Types of DNA Damage

Since the sources of DNA damage can be roughly divided into two main groups, endogenous damage and exogenous damage. The endogenous damages are the damage caused by reactive oxygen species or some agents else produced from normal metabolic byproducts, while exogenous damages are caused by external agents, like some radiations, include UV, x-rays; plant toxins; chemicals; viruses[1] and so on.

According different damage sources, there're different types of DNA damages.

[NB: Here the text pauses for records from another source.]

lemma mixed_dir_derivs_agree_nearby:
  fixes f :: "'a::real_normed_vector \<Rightarrow> real"
  assumes "0 < d" "ball p d \<subseteq> U" "open U" "f differentiable_on U"
    and "dir_deriv f a differentiable_on U" "dir_deriv f b differentiable_on U"
  obtains q1 q2 where "q1 \<in> ball p d" "q2 \<in> ball p d"
    "dir_deriv (dir_deriv f a) b q1 = dir_deriv (dir_deriv f b) a q2"
proof -
  define h where "h = d / (norm a + norm b + 1)"
  have "h > 0"
    using \<open>d > 0\<close> by (simp add: h_def add_nonneg_pos)
  have near: "p + s *\<^sub>R a + t *\<^sub>R b \<in> ball p d" if "s \<in> {0..h}" "t \<in> {0..h}" for s t
  proof -
    have "dist (p + s *\<^sub>R a + t *\<^sub>R b) p \<le> s * norm a + t * norm b"
      using that norm_triangle_ineq[of "s *\<^sub>R a" "t *\<^sub>R b"] by (simp add: dist_norm add.assoc)
    also have "\<dots> \<le> h * (norm a + norm b)"
      using that by (simp add: distrib_left add_mono mult_right_mono)
    also have "\<dots> < d"
      using \<open>d > 0\<close> by (simp add: h_def pos_divide_less_eq add_nonneg_pos)
    finally show ?thesis by (simp add: dist_commute)
  qed
  have near': "p + s *\<^sub>R b + t *\<^sub>R a \<in> ball p d" if "s \<in> {0..h}" "t \<in> {0..h}" for s t
    using near[OF that(2,1)] by (simp add: add_ac)
  obtain s1 t1 where st1: "s1 \<in> {0<..<h}" "t1 \<in> {0<..<h}"
    "f (p + h *\<^sub>R a + h *\<^sub>R b) - f (p + h *\<^sub>R a) - f (p + h *\<^sub>R b) + f p
       = h\<^sup>2 * dir_deriv (dir_deriv f a) b (p + s1 *\<^sub>R a + t1 *\<^sub>R b)"
    using second_difference_mean_value[OF \<open>h > 0\<close> \<open>open U\<close>] near assms(2,4,5) by blast
  obtain s2 t2 where st2: "s2 \<in> {0<..<h}" "t2 \<in> {0<..<h}"
    "f (p + h *\<^sub>R b + h *\<^sub>R a) - f (p + h *\<^sub>R b) - f (p + h *\<^sub>R a) + f p
       = h\<^sup>2 * dir_deriv (dir_deriv f b) a (p + s2 *\<^sub>R b + t2 *\<^sub>R a)"
    using second_difference_mean_value[OF \<open>h > 0\<close> \<open>open U\<close>] near' assms(2,4,6) by blast
  have "h\<^sup>2 * dir_deriv (dir_deriv f a) b (p + s1 *\<^sub>R a + t1 *\<^sub>R b)
      = h\<^sup>2 * dir_deriv (dir_deriv f b) a (p + s2 *\<^sub>R b + t2 *\<^sub>R a)"
    using st1(3) st2(3) by (simp add: algebra_simps)
  then show thesis
    using that near[of s1 t1] near'[of s2 t2] st1 st2 \<open>h > 0\<close> by simp
qed

lemma dir_deriv_commute:
  fixes f :: "'a::real_normed_vector \<Rightarrow> real"
  assumes "open U" "p \<in> U" "f differentiable_on U"
    and "dir_deriv f a differentiable_on U" "dir_deriv f b differentiable_on U"
    and cont_ab: "isCont (dir_deriv (dir_deriv f a) b) p"
    and cont_ba: "isCont (dir_deriv (dir_deriv f b) a) p"
  shows "dir_deriv (dir_deriv f a) b p = dir_deriv (dir_deriv f b) a p"
proof -
  let ?A = "dir_deriv (dir_deriv f a) b p" and ?B = "dir_deriv (dir_deriv f b) a p"
  have "dist ?A ?B < 2 * e" if "e > 0" for e
  proof -
    obtain d1 where "d1 > 0" and d1: "\<And>q. dist q p < d1 \<Longrightarrow> dist (dir_deriv (dir_deriv f a) b q) ?A < e"
      using cont_ab \<open>e > 0\<close> unfolding continuous_at_eps_delta by blast
    obtain d2 where "d2 > 0" and d2: "\<And>q. dist q p < d2 \<Longrightarrow> dist (dir_deriv (dir_deriv f b) a q) ?B < e"
      using cont_ba \<open>e > 0\<close> unfolding continuous_at_eps_delta by blast
    obtain r where "r > 0" "ball p r \<subseteq> U"
      using \<open>open U\<close> \<open>p \<in> U\<close> openE by blast
    define d where "d = min r (min d1 d2)"
    have "d > 0" "ball p d \<subseteq> U"
      using \<open>r > 0\<close> \<open>d1 > 0\<close> \<open>d2 > 0\<close> \<open>ball p r \<subseteq> U\<close> by (auto simp: d_def)
    then obtain q1 q2 where "q1 \<in> ball p d" "q2 \<in> ball p d"
      and same: "dir_deriv (dir_deriv f a) b q1 = dir_deriv (dir_deriv f b) a q2"
      using mixed_dir_derivs_agree_nearby assms(1,3-5) by metis
    then have "dist (dir_deriv (dir_deriv f a) b q1) ?A < e"
      and "dist (dir_deriv (dir_deriv f a) b q1) ?B < e"
      using d1[of q1] d2[of q2] unfolding same by (auto simp: d_def dist_commute)
    then show ?thesis
      using dist_triangle3[of ?A ?B "dir_deriv (dir_deriv f a) b q1"] by linarith
  qed
  from this[of "dist ?A ?B / 2"] show ?thesis
    by (cases "?A = ?B") auto
qed

lemma pv_pu_eq_pu_pv:
  assumes "open U" "p \<in> U" "Ck_on 2 U w"
  shows "pv (pu w) p = pu (pv w) p"
  using assms dir_deriv_commute[of U p w 1 \<i>]
  by (simp add: numeral_2_eq_2 pu_eq_dir_deriv pv_eq_dir_deriv continuous_on_eq_continuous_at)

lemma Ck_on_2_differentiable_at:
  assumes "open U" "p \<in> U" "Ck_on 2 U w"
  shows "w differentiable (at p)"
  using assms differentiable_on_eq_differentiable_at by (auto simp: numeral_2_eq_2)

lemma
  assumes "(f has_derivative D) (at p)"
  shows dxi_has_derivative: "dxi f p = (D 1 - \<i> * D \<i>) / 2"
    and dxib_has_derivative: "dxib f p = (D 1 + \<i> * D \<i>) / 2"
  using frechet_derivative_at[OF assms]
  by (simp_all add: dxi_def dxib_def pu_def pv_def)

lemma dxib_const: "dxib (\<lambda>q. c) p = 0"
  by (simp add: dxib_def pu_def pv_def)

lemma dxib_mult:
  assumes "f differentiable (at p)" "g differentiable (at p)"
  shows "dxib (\<lambda>q. f q * g q) p = f p * dxib g p + dxib f p * g p"
proof -
  let ?Df = "frechet_derivative f (at p)" and ?Dg = "frechet_derivative g (at p)"
  have "((\<lambda>q. f q * g q) has_derivative (\<lambda>h. f p * ?Dg h + ?Df h * g p)) (at p)"
    using has_derivative_mult assms frechet_derivative_works by blast
  then have "dxib (\<lambda>q. f q * g q) p
      = (f p * ?Dg 1 + ?Df 1 * g p + \<i> * (f p * ?Dg \<i> + ?Df \<i> * g p)) / 2"
    by (rule dxib_has_derivative)
  also have "\<dots> = f p * dxib g p + dxib f p * g p"
    by (simp add: dxib_def pu_def pv_def field_simps)
  finally show ?thesis .
qed

lemma dxi_cnj:
  assumes "f differentiable (at p)"
  shows "dxi (\<lambda>q. cnj (f q)) p = cnj (dxib f p)"
proof -
  have "((\<lambda>q. cnj (f q)) has_derivative (\<lambda>h. cnj (frechet_derivative f (at p) h))) (at p)"
    using has_derivative_cnj assms frechet_derivative_works by blast
  then have "dxi (\<lambda>q. cnj (f q)) p
      = (cnj (frechet_derivative f (at p) 1) - \<i> * cnj (frechet_derivative f (at p) \<i>)) / 2"
    by (rule dxi_has_derivative)
  also have "\<dots> = cnj (dxib f p)"
    by (simp add: dxib_def pu_def pv_def)
  finally show ?thesis .
qed

lemma
  fixes w :: "complex \<Rightarrow> real"
  assumes "w differentiable (at p)"
  shows dxi_cx: "dxi (cx w) p = (of_real (pu w p) - \<i> * of_real (pv w p)) / 2"
    and dxib_cx: "dxib (cx w) p = cnj (dxi (cx w) p)"
proof -
  have "(cx w has_derivative (\<lambda>h. of_real (frechet_derivative w (at p) h))) (at p)"
    unfolding cx_def using has_derivative_of_real assms frechet_derivative_works by blast
  then show "dxi (cx w) p = (of_real (pu w p) - \<i> * of_real (pv w p)) / 2"
    "dxib (cx w) p = cnj (dxi (cx w) p)"
    by (simp_all add: dxi_has_derivative dxib_has_derivative pu_def pv_def)
qed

Figure. 1 Genomic DNA is continually being damaged. This shows the possible types of damage that can occur

There are five main types of damage to DNA due to endogenous cellular processes:

        1. Oxidation of bases [e.g. 8-oxo-7,8-dihydroguanine (8-oxoG)] and generation of DNA strand interruptions from reactive oxygen species. 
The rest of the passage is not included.